* [Description of the task]
Print the lines in the listing below that fall between the line with "real \<Rightarrow> real)" and the line with "using assms unfolding copula3_def", those two lines included, exactly as they stand and with nothing else.

* [Data to examine]
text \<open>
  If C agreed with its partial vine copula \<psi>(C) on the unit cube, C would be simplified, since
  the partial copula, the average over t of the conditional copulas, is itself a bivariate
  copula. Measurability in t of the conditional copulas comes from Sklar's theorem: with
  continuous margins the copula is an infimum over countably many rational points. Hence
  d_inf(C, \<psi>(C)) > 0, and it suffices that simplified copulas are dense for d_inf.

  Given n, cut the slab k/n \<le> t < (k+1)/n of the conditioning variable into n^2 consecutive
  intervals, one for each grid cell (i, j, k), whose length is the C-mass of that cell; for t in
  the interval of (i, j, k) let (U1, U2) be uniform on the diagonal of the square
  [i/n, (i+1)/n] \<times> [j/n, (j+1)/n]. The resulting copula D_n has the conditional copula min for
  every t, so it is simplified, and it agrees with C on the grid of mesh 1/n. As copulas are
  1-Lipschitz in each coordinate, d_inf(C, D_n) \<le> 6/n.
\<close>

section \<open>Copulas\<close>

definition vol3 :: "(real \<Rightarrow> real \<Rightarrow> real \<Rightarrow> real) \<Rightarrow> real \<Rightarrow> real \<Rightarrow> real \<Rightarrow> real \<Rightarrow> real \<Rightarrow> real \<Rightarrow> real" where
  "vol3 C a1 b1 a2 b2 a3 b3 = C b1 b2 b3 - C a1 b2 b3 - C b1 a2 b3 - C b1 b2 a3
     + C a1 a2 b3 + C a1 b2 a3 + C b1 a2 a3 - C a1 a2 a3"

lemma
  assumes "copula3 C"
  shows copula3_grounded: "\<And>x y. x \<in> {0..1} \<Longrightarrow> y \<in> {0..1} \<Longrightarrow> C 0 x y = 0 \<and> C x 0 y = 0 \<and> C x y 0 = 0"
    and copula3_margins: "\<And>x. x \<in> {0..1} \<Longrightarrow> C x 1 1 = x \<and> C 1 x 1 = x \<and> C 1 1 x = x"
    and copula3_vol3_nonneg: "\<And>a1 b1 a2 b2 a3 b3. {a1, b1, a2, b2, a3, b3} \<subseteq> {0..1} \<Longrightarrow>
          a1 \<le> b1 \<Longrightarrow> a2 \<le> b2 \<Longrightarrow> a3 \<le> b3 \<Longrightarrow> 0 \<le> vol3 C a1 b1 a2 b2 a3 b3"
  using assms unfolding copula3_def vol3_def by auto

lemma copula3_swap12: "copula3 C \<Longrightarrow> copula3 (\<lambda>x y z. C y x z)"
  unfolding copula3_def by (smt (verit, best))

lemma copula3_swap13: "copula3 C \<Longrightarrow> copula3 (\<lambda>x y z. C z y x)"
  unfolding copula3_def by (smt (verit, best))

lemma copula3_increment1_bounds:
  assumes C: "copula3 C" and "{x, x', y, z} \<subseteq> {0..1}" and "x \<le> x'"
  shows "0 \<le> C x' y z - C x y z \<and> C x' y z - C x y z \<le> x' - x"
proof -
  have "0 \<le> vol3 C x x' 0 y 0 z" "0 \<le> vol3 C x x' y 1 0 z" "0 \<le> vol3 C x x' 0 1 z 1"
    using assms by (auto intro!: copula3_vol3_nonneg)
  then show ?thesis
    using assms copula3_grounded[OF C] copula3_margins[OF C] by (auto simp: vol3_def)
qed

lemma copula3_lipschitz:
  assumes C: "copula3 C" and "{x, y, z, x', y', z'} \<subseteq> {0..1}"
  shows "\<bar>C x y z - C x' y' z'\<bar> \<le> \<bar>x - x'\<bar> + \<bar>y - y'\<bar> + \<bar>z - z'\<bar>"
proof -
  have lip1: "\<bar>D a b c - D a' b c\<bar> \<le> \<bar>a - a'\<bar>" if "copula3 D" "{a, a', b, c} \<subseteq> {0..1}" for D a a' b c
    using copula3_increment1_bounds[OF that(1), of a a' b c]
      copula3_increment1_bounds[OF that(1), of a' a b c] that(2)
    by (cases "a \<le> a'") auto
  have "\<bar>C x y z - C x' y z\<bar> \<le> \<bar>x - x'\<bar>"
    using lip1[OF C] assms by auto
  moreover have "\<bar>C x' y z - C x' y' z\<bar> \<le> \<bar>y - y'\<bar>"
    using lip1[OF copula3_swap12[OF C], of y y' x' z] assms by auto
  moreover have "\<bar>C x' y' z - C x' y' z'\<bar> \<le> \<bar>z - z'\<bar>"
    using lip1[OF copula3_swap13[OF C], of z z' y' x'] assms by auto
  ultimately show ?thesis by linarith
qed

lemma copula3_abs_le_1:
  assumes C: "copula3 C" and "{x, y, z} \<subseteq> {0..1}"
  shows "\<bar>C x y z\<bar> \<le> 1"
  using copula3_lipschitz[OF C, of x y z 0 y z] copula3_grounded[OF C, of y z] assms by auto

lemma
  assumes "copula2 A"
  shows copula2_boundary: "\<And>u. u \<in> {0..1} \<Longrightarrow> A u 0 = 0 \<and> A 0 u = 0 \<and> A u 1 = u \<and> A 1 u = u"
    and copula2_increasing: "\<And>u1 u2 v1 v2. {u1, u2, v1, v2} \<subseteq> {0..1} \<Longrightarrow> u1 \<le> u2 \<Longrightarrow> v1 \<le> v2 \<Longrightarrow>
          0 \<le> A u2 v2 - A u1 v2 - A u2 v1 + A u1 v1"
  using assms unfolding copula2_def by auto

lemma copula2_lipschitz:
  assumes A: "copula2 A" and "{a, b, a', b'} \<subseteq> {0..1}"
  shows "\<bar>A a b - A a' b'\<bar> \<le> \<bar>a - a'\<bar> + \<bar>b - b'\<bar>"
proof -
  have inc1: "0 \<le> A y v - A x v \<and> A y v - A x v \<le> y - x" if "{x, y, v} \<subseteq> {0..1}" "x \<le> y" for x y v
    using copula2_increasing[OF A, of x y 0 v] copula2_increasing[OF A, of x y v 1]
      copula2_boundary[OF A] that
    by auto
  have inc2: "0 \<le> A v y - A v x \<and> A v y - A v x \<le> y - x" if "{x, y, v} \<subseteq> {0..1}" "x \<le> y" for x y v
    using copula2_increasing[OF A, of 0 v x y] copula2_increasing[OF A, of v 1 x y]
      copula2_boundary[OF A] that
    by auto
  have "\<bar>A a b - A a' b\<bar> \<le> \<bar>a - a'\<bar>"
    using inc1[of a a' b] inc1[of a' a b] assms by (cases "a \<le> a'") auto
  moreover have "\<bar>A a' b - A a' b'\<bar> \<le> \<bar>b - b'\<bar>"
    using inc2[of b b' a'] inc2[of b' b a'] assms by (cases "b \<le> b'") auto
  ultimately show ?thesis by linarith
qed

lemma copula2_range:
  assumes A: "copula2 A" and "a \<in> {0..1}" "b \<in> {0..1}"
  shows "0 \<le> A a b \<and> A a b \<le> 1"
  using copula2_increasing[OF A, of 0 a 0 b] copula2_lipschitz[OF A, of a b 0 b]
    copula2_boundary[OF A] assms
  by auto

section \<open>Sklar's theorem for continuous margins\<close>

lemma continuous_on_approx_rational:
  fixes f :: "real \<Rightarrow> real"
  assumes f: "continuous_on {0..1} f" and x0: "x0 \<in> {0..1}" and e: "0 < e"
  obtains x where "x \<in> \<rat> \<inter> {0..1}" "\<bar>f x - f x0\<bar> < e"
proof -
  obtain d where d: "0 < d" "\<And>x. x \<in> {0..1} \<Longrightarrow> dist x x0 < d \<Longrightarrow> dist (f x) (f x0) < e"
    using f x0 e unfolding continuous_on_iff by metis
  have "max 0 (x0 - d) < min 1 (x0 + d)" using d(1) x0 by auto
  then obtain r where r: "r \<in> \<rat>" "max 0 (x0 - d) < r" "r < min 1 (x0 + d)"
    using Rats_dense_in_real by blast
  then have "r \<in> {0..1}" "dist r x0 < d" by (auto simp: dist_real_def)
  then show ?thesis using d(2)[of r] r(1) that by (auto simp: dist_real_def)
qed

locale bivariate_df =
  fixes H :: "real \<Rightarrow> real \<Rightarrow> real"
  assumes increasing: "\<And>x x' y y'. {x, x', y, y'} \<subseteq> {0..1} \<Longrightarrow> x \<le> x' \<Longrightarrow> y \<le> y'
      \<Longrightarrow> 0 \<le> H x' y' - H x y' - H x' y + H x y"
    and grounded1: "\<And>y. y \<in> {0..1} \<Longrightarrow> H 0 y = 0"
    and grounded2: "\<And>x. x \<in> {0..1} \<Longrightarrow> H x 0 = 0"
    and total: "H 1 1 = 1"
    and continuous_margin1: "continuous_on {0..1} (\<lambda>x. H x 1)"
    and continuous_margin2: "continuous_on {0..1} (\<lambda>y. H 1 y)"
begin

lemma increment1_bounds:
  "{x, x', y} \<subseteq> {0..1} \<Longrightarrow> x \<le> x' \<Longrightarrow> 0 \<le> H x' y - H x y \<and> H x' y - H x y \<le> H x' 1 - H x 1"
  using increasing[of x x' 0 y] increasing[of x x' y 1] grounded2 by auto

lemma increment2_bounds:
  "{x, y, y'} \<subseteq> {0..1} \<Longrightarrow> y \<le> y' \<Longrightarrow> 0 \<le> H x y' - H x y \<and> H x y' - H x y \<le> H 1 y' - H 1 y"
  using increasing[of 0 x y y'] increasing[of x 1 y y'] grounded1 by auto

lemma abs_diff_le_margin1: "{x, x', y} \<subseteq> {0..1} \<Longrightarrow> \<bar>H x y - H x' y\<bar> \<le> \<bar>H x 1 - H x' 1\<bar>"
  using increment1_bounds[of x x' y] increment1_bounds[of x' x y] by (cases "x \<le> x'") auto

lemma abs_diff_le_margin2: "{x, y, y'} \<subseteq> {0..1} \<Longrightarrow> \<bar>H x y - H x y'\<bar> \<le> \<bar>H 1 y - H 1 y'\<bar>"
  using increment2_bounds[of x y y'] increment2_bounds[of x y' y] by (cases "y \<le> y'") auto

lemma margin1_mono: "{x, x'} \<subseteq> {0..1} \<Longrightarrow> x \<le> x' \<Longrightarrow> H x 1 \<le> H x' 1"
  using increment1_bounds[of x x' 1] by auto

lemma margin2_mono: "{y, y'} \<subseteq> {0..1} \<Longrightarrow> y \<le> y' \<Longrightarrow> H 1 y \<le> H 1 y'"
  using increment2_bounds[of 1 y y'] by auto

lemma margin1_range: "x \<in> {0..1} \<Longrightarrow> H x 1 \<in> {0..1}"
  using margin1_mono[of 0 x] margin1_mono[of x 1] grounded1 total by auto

...

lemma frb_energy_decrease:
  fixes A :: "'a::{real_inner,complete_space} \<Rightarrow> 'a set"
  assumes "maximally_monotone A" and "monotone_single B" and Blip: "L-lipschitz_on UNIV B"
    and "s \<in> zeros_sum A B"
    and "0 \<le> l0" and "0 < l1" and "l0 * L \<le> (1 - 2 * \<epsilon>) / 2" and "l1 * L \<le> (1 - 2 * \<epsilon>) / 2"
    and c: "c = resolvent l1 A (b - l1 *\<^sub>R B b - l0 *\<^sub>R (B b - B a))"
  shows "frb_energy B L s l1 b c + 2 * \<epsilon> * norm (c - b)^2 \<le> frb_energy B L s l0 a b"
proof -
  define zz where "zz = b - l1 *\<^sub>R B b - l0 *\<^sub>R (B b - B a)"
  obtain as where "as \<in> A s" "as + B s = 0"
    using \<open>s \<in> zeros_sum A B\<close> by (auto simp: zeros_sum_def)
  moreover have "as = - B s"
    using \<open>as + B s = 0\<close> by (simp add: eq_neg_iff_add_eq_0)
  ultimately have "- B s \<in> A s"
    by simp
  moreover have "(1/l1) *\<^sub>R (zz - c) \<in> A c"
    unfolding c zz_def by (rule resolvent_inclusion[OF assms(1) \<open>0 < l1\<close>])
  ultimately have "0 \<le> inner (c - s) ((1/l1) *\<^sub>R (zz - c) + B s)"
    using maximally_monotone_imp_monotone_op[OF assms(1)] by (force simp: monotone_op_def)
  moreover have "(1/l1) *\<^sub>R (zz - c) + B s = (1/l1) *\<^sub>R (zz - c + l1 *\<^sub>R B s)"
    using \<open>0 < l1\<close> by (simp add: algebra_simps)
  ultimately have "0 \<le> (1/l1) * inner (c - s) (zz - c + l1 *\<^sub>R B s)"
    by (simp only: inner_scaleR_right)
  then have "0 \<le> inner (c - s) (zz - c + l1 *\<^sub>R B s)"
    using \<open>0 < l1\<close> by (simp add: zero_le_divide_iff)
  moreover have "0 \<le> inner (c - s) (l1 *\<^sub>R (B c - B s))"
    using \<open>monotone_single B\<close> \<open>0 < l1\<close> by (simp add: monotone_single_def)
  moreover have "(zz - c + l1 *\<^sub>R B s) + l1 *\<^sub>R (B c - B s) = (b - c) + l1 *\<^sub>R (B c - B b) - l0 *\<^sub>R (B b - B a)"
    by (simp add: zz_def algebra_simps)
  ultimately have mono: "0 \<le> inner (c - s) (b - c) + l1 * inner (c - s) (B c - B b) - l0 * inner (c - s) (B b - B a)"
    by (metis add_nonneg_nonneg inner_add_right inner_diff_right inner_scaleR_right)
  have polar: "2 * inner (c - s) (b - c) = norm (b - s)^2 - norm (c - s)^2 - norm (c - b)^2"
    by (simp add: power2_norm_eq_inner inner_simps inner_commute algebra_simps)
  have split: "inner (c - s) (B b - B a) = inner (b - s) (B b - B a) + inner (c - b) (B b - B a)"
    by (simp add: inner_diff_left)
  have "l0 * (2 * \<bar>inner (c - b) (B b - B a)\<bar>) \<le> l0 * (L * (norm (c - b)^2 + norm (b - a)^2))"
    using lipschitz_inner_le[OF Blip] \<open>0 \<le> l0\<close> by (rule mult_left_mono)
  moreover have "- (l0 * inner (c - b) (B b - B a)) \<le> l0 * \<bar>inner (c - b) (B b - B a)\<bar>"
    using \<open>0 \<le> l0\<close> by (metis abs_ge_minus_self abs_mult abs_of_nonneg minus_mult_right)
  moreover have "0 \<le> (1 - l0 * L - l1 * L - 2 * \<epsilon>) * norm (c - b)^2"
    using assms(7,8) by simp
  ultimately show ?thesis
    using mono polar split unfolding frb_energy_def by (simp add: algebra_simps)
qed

* [Expected answer]
definition vol3 :: "(real \<Rightarrow> real \<Rightarrow> real \<Rightarrow> real) \<Rightarrow> real \<Rightarrow> real \<Rightarrow> real \<Rightarrow> real \<Rightarrow> real \<Rightarrow> real \<Rightarrow> real" where
  "vol3 C a1 b1 a2 b2 a3 b3 = C b1 b2 b3 - C a1 b2 b3 - C b1 a2 b3 - C b1 b2 a3
     + C a1 a2 b3 + C a1 b2 a3 + C b1 a2 a3 - C a1 a2 a3"

lemma
  assumes "copula3 C"
  shows copula3_grounded: "\<And>x y. x \<in> {0..1} \<Longrightarrow> y \<in> {0..1} \<Longrightarrow> C 0 x y = 0 \<and> C x 0 y = 0 \<and> C x y 0 = 0"
    and copula3_margins: "\<And>x. x \<in> {0..1} \<Longrightarrow> C x 1 1 = x \<and> C 1 x 1 = x \<and> C 1 1 x = x"
    and copula3_vol3_nonneg: "\<And>a1 b1 a2 b2 a3 b3. {a1, b1, a2, b2, a3, b3} \<subseteq> {0..1} \<Longrightarrow>
          a1 \<le> b1 \<Longrightarrow> a2 \<le> b2 \<Longrightarrow> a3 \<le> b3 \<Longrightarrow> 0 \<le> vol3 C a1 b1 a2 b2 a3 b3"
  using assms unfolding copula3_def vol3_def by auto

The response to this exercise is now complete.